Wednesday, July 25, 2012

Savage island


It’s a tradition:
Like every eldest male in his family, Bill had wanted to join up, to serve, to contribute, and to honour his family’s military history.  Since records have been scribed and portraits hung, the Cuthbursons had dutifully fought for king, queen or country.   The family had prospered and suffered equally for their resolve and Bill felt the weave of events and actions bound him to continue the history.   He took a sip and reflected on a remembrance day four years ago.
The sun that day had glinted pride from the medals the old soldier had pinned to his blazer pocket. He’d pushed through his pain from the march, up the rise and into his village square.  Bill could see the agony in his grandfather’s set face, the tears in his eye were not born from forcing his seized joints to move again and again, they were the tears from the grief of lost sons, dead friends and broken marriages.  There was however, behind the pain, still that steely resolve locked into that wizened countenance, a resolve burning him to march with his last breath, with honour and without regard to self, all for the glory of victories past and the fight for right.  It was this masculine exemplar that drove the continuing Cuthburson legacy of militia enlistment.  Bill’s own son had stood there, that 11th day, at attention, by his side, parade uniform pressed and his unadorned chest swelled with bravado.
Not for this latest Cuthburson would be the rat-putrid and fetid trenches of Europe, nor the ocean-locked solitude and tactical blundering of the Falklands.  No.  Young Will would be made forever aware of the ditch or mound beside a desert road, cautious of a welcoming resident, permanently watching the back of his buddy and command.  A degree course in paranoia locked in an oven of discontent would be Will’s lot, and Bill knew it would scar the lad and taint his life forever.   
The memory of that 11 November morning in 2008 was today playing on Bill’s mind.  11/11/08 was the last day the three warrior Cuthbersons had shared a drink at the local, the old man quietly lamenting the loss of his dearest son, the young soldier espousing the invincibility of technologies in modern warfare, and Bill was there, caught between a sense of pride, of loss and with a gnawing fear for his son’s wellbeing.   Their parting was cursory after a few drinks, the old man was taken back to the home, young Will put on the bus back to barracks and Bill had wandered home to his dank flat to ponder again his ruined marriage through a whisky clouded cut-glass lens.  All of them had shared a hug and a ‘see you soon’ back at the pub, knowing that they would.  
But they had not.
The old man had passed in his sleep and young Will was posted to Kabul the same day.  Bill received a text from his wife saying she was sad to learn of the old man’s death and wishing their son well.  Bill had no idea how to respond so he didn’t.   What he did was have a drink and remember.   He remembered the fear of scuds and the scream of air support as he was hunkered down in the grasses with the winter wind whipping his kit .  He remembered the mortar thud vaporising half of his sergeant in the ditch beside him and he remembered vomiting as he charged forward to the next hillock, closer to the enemy but away from the mortar’s sweep.  It was the only memory he could be sure of from his service, the drugs and the abuse he had delivered on himself and his wife had in time erased the Falkland horrors.  He wasn’t sure if he drank now to remember or to forget. Through the familiar lens the paintings of his grand forebears had looked down incongruously from the stained walls of his tiny flat.  Lowering the glass his eye had fallen to the painting of the young be-medalled officer who had been his father, a man he’d never known other than from stories told by others.  The husband who his mother could not speak of without grief choking her words.  The father whose memory he had idolised and on whose behalf Bill had gone to war to deliver a Cuthburson retribution on a different enemy.
There was no logic in warfare, the Germans had killed his father, the Argentinean’s would die.  

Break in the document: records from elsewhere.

theorem corollary3p17:
  fixes n :: nat and k :: "nat set \<Rightarrow> nat"
  assumes "n \<ge> 3"
    and "\<forall>x. x \<subseteq> {..<n} \<and> x \<noteq> {} \<and> x \<noteq> {..<n} \<longrightarrow> k x = 1"
  shows "SR_vertices (Zstar n k) (zdgc_adj n k) = Zstar n k \<and>
         (\<forall>u v. SR_adj (Zstar n k) (zdgc_adj n k) u v \<longleftrightarrow> zdg_adj n k u v)"
proof -
  interpret singleton_chain_blowup_3 n k
    using assms by unfold_locales (auto simp: proper_def)
  note mmd_iff = mutually_max_distant_zdgc_iff_meet_zero
  have "u \<in> SR_vertices (Zstar n k) (zdgc_adj n k)" if u: "u \<in> Zstar n k" for u
  proof -
    obtain v where "v \<in> blow_carrier n k" "v \<noteq> Bot" "meet_zero n k u v"
      using u unfolding Zstar_def by blast
    moreover from this have "v \<in> Zstar n k"
      using u meet_zero_commute unfolding Zstar_def by blast
    ultimately show ?thesis
      using u mmd_iff unfolding SR_vertices_def by blast
  qed
  then have "SR_vertices (Zstar n k) (zdgc_adj n k) = Zstar n k"
    unfolding SR_vertices_def by blast
  then show ?thesis
    using mmd_iff unfolding SR_adj_def zdg_adj_def by auto
qed

end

But they did not suffer at his hand.  It is not a war won on the field, it is a battle lost at home.  For every life stolen in trenches, on beaches, in air and water there are ten at home destroyed by loss, or worse, by the return of a cracked and broken sub-hero.  Bill’s father, he thought, was in that way lucky to have caught a friendly cannon round in Ypres.  The fight when home is much longer and less clearly defined than the mission away, the lessons learned in strategy, defence and attack are meaningless in the lounge room.   The families of veterans may expect to be idolised, abused or ignored but they can not expect normality from a returning warrior.  There is no rule, no school, the soldier should cope.  The able soldier will most likely return to war where his skills are more attuned.
November, 2011, in the icy rain, young Will had worn the old man’s medals proudly on his right, before returning for his fifth tour, a twelve month back to back.  Major Will Cuthburson prefers active postings to the alternative.
So today Bill slumps in his armchair, drinks his whisky and listens to how it was that it is Syria that has had the weapons of mass destruction all along.  Nothing has changed. Every horror or conflict near or far, every economic or moral cause still exudes the same nationalistic call for loyalty.  With fervour and outrage, a sense of decency, for the sake of the monarch, for peace and the rights of all humans, his country will voice its stake.  This small and savage island will again and forever send it’s best to serve, to suffer, to die, or worse, to return home.